Go to the line in the data below that contains "neg (fst p)". Write it out exactly, along with every later line through the last, and nothing else.
--- Dataset excerpts ---
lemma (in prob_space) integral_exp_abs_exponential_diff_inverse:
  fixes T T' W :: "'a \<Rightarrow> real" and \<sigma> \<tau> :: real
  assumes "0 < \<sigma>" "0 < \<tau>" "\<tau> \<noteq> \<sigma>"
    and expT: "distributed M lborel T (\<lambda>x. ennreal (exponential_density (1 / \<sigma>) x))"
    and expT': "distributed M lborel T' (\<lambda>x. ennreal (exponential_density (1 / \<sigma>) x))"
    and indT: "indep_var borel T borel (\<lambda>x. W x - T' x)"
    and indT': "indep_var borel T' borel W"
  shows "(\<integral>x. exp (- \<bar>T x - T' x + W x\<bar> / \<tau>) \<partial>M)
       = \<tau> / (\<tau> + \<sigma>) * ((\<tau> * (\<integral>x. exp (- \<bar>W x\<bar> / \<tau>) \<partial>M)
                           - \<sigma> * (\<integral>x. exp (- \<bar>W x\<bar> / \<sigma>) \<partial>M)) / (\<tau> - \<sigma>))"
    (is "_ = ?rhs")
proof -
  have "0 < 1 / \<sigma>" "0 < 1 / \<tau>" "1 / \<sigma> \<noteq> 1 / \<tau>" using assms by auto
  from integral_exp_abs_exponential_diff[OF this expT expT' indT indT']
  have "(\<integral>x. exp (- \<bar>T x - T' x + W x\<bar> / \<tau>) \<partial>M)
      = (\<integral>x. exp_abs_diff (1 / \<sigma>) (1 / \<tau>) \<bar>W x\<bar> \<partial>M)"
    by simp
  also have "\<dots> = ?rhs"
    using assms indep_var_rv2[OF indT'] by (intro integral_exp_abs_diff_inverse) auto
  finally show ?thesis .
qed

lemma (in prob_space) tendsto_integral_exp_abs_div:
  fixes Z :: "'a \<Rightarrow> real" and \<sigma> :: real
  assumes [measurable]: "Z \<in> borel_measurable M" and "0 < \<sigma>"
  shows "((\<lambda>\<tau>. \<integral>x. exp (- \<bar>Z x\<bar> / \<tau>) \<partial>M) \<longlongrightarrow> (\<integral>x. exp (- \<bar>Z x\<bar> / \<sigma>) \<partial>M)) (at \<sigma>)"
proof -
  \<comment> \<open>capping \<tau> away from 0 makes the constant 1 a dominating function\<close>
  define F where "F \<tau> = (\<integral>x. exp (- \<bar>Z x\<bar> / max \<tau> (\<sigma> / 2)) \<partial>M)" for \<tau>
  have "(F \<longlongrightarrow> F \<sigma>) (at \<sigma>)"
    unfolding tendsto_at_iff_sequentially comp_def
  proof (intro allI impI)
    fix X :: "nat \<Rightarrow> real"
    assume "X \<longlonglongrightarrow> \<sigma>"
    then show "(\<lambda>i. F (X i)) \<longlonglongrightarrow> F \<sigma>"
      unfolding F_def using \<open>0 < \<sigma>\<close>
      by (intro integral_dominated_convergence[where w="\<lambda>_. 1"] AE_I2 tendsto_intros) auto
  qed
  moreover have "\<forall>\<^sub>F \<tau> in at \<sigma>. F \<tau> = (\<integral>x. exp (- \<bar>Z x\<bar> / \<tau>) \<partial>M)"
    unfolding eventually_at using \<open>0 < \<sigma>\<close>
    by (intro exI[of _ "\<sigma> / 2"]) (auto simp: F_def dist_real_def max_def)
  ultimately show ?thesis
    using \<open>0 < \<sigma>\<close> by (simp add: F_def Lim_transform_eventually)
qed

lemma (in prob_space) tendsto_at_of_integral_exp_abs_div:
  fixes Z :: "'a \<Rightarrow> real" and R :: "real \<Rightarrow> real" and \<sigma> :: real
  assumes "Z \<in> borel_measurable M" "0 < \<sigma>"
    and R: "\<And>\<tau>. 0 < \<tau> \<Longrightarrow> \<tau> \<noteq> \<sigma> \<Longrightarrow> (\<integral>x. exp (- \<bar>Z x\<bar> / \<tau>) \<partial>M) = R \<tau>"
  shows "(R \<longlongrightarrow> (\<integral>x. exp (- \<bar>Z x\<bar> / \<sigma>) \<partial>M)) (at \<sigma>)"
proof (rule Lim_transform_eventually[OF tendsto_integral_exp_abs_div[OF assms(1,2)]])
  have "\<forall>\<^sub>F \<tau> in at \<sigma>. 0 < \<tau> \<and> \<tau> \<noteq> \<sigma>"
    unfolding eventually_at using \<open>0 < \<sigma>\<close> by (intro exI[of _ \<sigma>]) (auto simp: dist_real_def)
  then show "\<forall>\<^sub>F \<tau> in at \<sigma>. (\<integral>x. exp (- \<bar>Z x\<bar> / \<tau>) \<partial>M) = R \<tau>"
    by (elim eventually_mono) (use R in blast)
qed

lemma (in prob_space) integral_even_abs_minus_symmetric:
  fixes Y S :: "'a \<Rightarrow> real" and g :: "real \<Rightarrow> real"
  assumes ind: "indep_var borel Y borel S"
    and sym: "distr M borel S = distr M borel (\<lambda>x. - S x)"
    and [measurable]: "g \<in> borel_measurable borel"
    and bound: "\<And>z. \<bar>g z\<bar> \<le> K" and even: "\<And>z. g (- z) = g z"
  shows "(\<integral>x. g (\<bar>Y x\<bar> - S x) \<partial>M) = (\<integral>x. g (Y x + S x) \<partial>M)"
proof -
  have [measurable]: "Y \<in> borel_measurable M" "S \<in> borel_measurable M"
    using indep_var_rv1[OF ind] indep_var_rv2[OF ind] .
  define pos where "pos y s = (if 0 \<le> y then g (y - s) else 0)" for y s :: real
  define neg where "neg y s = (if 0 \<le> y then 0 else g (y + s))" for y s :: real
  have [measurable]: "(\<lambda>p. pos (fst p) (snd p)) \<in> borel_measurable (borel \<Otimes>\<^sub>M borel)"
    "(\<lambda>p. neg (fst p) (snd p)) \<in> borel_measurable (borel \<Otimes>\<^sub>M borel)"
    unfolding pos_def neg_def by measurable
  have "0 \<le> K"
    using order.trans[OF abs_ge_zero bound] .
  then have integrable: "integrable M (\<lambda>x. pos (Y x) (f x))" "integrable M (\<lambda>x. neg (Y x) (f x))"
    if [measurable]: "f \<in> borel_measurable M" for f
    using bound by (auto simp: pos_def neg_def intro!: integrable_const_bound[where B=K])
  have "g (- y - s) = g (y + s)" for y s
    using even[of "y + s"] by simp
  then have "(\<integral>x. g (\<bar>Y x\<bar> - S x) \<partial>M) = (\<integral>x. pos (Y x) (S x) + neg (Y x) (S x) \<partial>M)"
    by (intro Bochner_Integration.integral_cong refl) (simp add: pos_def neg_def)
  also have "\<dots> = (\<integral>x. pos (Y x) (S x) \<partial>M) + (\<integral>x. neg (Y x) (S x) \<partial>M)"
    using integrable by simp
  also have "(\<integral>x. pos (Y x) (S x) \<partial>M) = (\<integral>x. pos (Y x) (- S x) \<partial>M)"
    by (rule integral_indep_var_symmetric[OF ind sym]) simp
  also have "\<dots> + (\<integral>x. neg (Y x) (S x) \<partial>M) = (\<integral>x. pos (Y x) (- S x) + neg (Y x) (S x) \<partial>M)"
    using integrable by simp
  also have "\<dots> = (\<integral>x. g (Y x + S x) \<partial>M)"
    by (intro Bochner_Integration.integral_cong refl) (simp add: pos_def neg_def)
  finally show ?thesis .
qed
---
▸ Exercise output:
    "(\<lambda>p. neg (fst p) (snd p)) \<in> borel_measurable (borel \<Otimes>\<^sub>M borel)"
    unfolding pos_def neg_def by measurable
  have "0 \<le> K"
    using order.trans[OF abs_ge_zero bound] .
  then have integrable: "integrable M (\<lambda>x. pos (Y x) (f x))" "integrable M (\<lambda>x. neg (Y x) (f x))"
    if [measurable]: "f \<in> borel_measurable M" for f
    using bound by (auto simp: pos_def neg_def intro!: integrable_const_bound[where B=K])
  have "g (- y - s) = g (y + s)" for y s
    using even[of "y + s"] by simp
  then have "(\<integral>x. g (\<bar>Y x\<bar> - S x) \<partial>M) = (\<integral>x. pos (Y x) (S x) + neg (Y x) (S x) \<partial>M)"
    by (intro Bochner_Integration.integral_cong refl) (simp add: pos_def neg_def)
  also have "\<dots> = (\<integral>x. pos (Y x) (S x) \<partial>M) + (\<integral>x. neg (Y x) (S x) \<partial>M)"
    using integrable by simp
  also have "(\<integral>x. pos (Y x) (S x) \<partial>M) = (\<integral>x. pos (Y x) (- S x) \<partial>M)"
    by (rule integral_indep_var_symmetric[OF ind sym]) simp
  also have "\<dots> + (\<integral>x. neg (Y x) (S x) \<partial>M) = (\<integral>x. pos (Y x) (- S x) + neg (Y x) (S x) \<partial>M)"
    using integrable by simp
  also have "\<dots> = (\<integral>x. g (Y x + S x) \<partial>M)"
    by (intro Bochner_Integration.integral_cong refl) (simp add: pos_def neg_def)
  finally show ?thesis .
qed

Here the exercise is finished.